**DATA SUPPLIED**
(* In the setting described in the context, suppose $T$ is irreducible, $A$ is irreducible, $\rho<1$, $r_A>1$, and there is a finite $\theta$ with $1<\theta<r_A$ and $\theta=\delta(A^*(\theta))$. Then $R:=R^*(1)$ is irreducible, or, after a simultaneous permutation of rows and columns, it takes the form \[ R=\begin{pmatrix}R_1&R_{1,\bullet}\\ O&R_\bullet\end{pmatrix}, \] where $R_1$ is irreducible and $R_\bullet$ is strictly upper triangular.
   Context: Let $M_0,M$ be positive integers. Consider a discrete-time Markov chain $\{(X_n,S_n)\}_{n\ge0}$ of M/G/1 type with state space $\{(0,j):1\le j\le M_0\}\cup\{(k,j):k\ge1,1\le j\le M\}$ (level $k$ = states with first coordinate $k$), with transition matrix in lexicographic order \[ T=\begin{pmatrix}B(0)&B(1)&B(2)&\cdots\\ C(0)&A(1)&A(2)&\cdots\\ O&A(0)&A(1)&\cdots\\ O&O&A(0)&\cdots\\ \vdots&\vdots&\vdots&\ddots\end{pmatrix}, \] with nonnegative blocks $A(k)$ ($M\times M$), $B(0)$, $B(k)$ ($k\ge1$), $C(0)$ of compatible sizes; $A=\sum_{k\ge0}A(k)$ stochastic, $B(0)e+\sum_{k\ge1}B(k)e=e$; $\pi A=\pi$, $\pi e=1$, $\rho=\pi\sum_{k\ge1}kA(k)e$. $A^*(z)=\sum_{k\ge0}z^kA(k)$ with convergence radius $r_A$. For a square complex matrix $X$, $\delta(X)$ is a maximum-modulus eigenvalue with nonnegative argument and maximal real part among maximum-modulus eigenvalues (Perron–Frobenius eigenvalue for nonnegative irreducible $X$). $G$ is the $M\times M$ matrix with $[G]_{i,j}=\Pr[S_{a(k)}=j\mid X_0=k+1,S_0=i]$ ($a(k)=\inf\{n\ge1:X_n=k\}$). $U(k)=\sum_{m\ge k+1}A(m)G^{m-k-1}$ ($k\ge0$), $R(k)=U(k)(I-U(0))^{-1}$ ($k\ge1$), $R^*(z)=\sum_{k\ge1}z^kR(k)$. *)

theory Defs
  imports "HOL-Analysis.Analysis" "Jordan_Normal_Form.Spectral_Radius"
    "Jordan_Normal_Form.Gauss_Jordan_Elimination"
begin
(* Let $K_1,K_2\subset\mathbb{R}^n$ be closed with $T_{K_1}(x)=T^a_{K_1}(x)$ for all $x\in\partial K_1\cap\partial K_2$. Let $x_o\in\partial K_1\cap\partial K_2$ and assume there exist a neighborhood $\mathcal{N}(x_o)$ of $x_o$, $c>0$ and $\alpha\in[0,1)$ such that for all $(x_1,x_2)\in((\partial K_1\setminus K_2)\cap\mathcal{N}(x_o))\times((\partial K_2\setminus K_1)\cap\mathcal{N}(x_o))$ there exist $(v_1,v_2)\in T_{K_1}(x_1)\times T_{K_2}(x_2)$ with $|(v_1,v_2)|\le c|x_1-x_2|$ and $$x_2-x_1\in(v_1-v_2)+\alpha|x_1-x_2|\mathbb{B}.$$ Then $$T_{K_1}(x_o)\cap T_{K_2}(x_o)=T_{K_1\cap K_2}(x_o)\quad\text{and}\quad T^a_{K_1}(x_o)\cap T^a_{K_2}(x_o)=T^a_{K_1\cap K_2}(x_o).$$
   Context: $\mathbb{B}$ is the closed unit ball of $\mathbb{R}^n$. Contingent cone of a set $S$ at $x\in\operatorname{cl}(S)$: $T_S(x)=\{v: \exists t_i\to 0^+, \exists v_i\to v,\ x+t_iv_i\in S\}$. Adjacent cone: $T^a_S(x)=\{v: \forall t_i\to 0^+, \exists v_i\to v,\ x+t_iv_i\in S\}$. *)

theory Defs
  imports "HOL-Analysis.Analysis"
begin

definition contingent_cone :: "'a::real_normed_vector set \<Rightarrow> 'a \<Rightarrow> 'a set" where
  "contingent_cone S x = {v. \<exists>t w. (\<forall>i. t i > 0) \<and> t \<longlonglongrightarrow> 0 \<and> w \<longlonglongrightarrow> v \<and>
       (\<forall>i. x + t i *\<^sub>R w i \<in> S)}"

definition adjacent_cone :: "'a::real_normed_vector set \<Rightarrow> 'a \<Rightarrow> 'a set" where
  "adjacent_cone S x = {v. \<forall>t. (\<forall>i. t i > 0) \<and> t \<longlonglongrightarrow> 0 \<longrightarrow>
       (\<exists>w. w \<longlonglongrightarrow> v \<and> (\<forall>i. x + t i *\<^sub>R w i \<in> S))}"

end

theory Submission
  imports Defs
begin

text \<open>Near xo the two sets are linearly regular: points y1 \<in> K1 and y2 \<in> K2 can be moved
  to a common point of K1 \<inter> K2 at cost proportional to norm (y1 - y2). To see this, minimise
  norm (w1 - w2) + l * (norm (w1 - y1) + norm (w2 - y2)) over K1 \<times> K2 for a small l. If the
  minimiser (z1, z2) had z1 \<noteq> z2, then z1 \<in> frontier K1 - K2 and z2 \<in> frontier K2 - K1, and the
  first-order conditions along tangent directions would read
  0 \<le> (v1 - v2) \<bullet> sgn (z1 - z2) + l * (norm v1 + norm v2); the transversality hypothesis supplies
  tangent vectors that violate this. Linear regularity then lets sequences approaching xo in K1
  and in K2 along the same times be merged into one in K1 \<inter> K2.\<close>

lemma contingent_cone_mono: "S \<subseteq> T \<Longrightarrow> contingent_cone S x \<subseteq> contingent_cone T x"
  unfolding contingent_cone_def by blast

lemma adjacent_cone_mono: "S \<subseteq> T \<Longrightarrow> adjacent_cone S x \<subseteq> adjacent_cone T x"
  unfolding adjacent_cone_def by blast

lemma contingent_cone_interior:
  assumes "x \<in> interior S"
  shows "contingent_cone S x = UNIV"
proof -
  obtain r where "r > 0" and ball: "ball x r \<subseteq> S"
    using assms mem_interior by blast
  have "v \<in> contingent_cone S x" for v
  proof -
    define s where "s = r / (norm v + 1)"
    define t where "t k = s / real (Suc k)" for k :: nat
    have "s > 0" "s * norm v < r"
      using \<open>r > 0\<close> by (simp_all add: s_def field_simps add_pos_nonneg)
    have t_pos: "t k > 0" and "t k \<le> s" for k
      using \<open>s > 0\<close> by (simp_all add: t_def field_simps)
    then have "t k * norm v < r" for k
      using \<open>s * norm v < r\<close> by (meson le_less_trans mult_right_mono norm_ge_zero)
    then have "x + t k *\<^sub>R v \<in> S" for k
      using ball t_pos[of k] by (auto simp: dist_norm)
    moreover have "t \<longlonglongrightarrow> 0"
      unfolding t_def by (rule LIMSEQ_Suc[OF lim_const_over_n])
    ultimately show ?thesis
      unfolding contingent_cone_def using t_pos by blast
  qed
  then show ?thesis by blast
qed

lemma has_derivative_difference_quotient_sequence:
  fixes f :: "'a::real_normed_vector \<Rightarrow> 'b::real_normed_vector"
  assumes deriv: "(f has_derivative f') (at z)"
    and t_pos: "\<forall>k. t k > 0" and "t \<longlonglongrightarrow> 0" and u_lim: "u \<longlonglongrightarrow> v"
  shows "(\<lambda>k. (f (z + t k *\<^sub>R u k) - f z) /\<^sub>R t k) \<longlonglongrightarrow> f' v"
proof -
  define r where "r h = norm (f (z + h) - f z - f' h) / norm h" for h
  have lin: "bounded_linear f'" and "(r \<longlongrightarrow> 0) (at 0)"
    using deriv unfolding has_derivative_at r_def by auto
  \<comment> \<open>the junk value r 0 = 0 makes the remainder continuous at 0\<close>
  then have "isCont r 0"
    by (simp add: isCont_def r_def)
  moreover have "(\<lambda>k. t k *\<^sub>R u k) \<longlonglongrightarrow> 0"
    using tendsto_scaleR[OF \<open>t \<longlonglongrightarrow> 0\<close> u_lim] by simp
  ultimately have "(\<lambda>k. r (t k *\<^sub>R u k)) \<longlonglongrightarrow> 0"
    using isCont_tendsto_compose by (fastforce simp: r_def)
  then have "(\<lambda>k. norm (u k) * r (t k *\<^sub>R u k)) \<longlonglongrightarrow> norm v * 0"
    by (intro tendsto_mult tendsto_norm u_lim)
  moreover have "norm ((f (z + t k *\<^sub>R u k) - f z) /\<^sub>R t k - f' (u k))
      = norm (u k) * r (t k *\<^sub>R u k)" for k
  proof -
    define D where "D = f (z + t k *\<^sub>R u k) - f z - f' (t k *\<^sub>R u k)"
    have tk: "t k > 0"
      using t_pos by blast
    then have quotient: "(f (z + t k *\<^sub>R u k) - f z) /\<^sub>R t k - f' (u k) = D /\<^sub>R t k"
      by (simp add: D_def linear_simps[OF lin] scaleR_diff_right)
    have "norm (D /\<^sub>R t k) = norm (u k) * r (t k *\<^sub>R u k)"
    proof (cases "u k = 0")
      case True
      then show ?thesis
        by (simp add: D_def linear_simps[OF lin])
    next
      case False
      then show ?thesis
        using tk by (simp add: D_def r_def divide_inverse mult.commute)
    qed
    then show ?thesis
      by (simp add: quotient)
  qed
  ultimately have "(\<lambda>k. norm ((f (z + t k *\<^sub>R u k) - f z) /\<^sub>R t k - f' (u k))) \<longlonglongrightarrow> 0"
    by simp
  then have "(\<lambda>k. (f (z + t k *\<^sub>R u k) - f z) /\<^sub>R t k - f' (u k)) \<longlonglongrightarrow> 0"
    by (rule tendsto_norm_zero_cancel)
  moreover have "(\<lambda>k. f' (u k)) \<longlonglongrightarrow> f' v"
    using bounded_linear.tendsto[OF lin u_lim] .
  ultimately show ?thesis
    using tendsto_add by fastforce
qed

**DIRECTIONS FOR THIS TASK**
Your task is to transcribe, with no changes, only the lines of the listing above that lie between the line holding "using ball t_pos[of" and the line holding "has_derivative f') (at", inclusive.

**EXERCISE RESPONSE**
      using ball t_pos[of k] by (auto simp: dist_norm)
    moreover have "t \<longlonglongrightarrow> 0"
      unfolding t_def by (rule LIMSEQ_Suc[OF lim_const_over_n])
    ultimately show ?thesis
      unfolding contingent_cone_def using t_pos by blast
  qed
  then show ?thesis by blast
qed

lemma has_derivative_difference_quotient_sequence:
  fixes f :: "'a::real_normed_vector \<Rightarrow> 'b::real_normed_vector"
  assumes deriv: "(f has_derivative f') (at z)"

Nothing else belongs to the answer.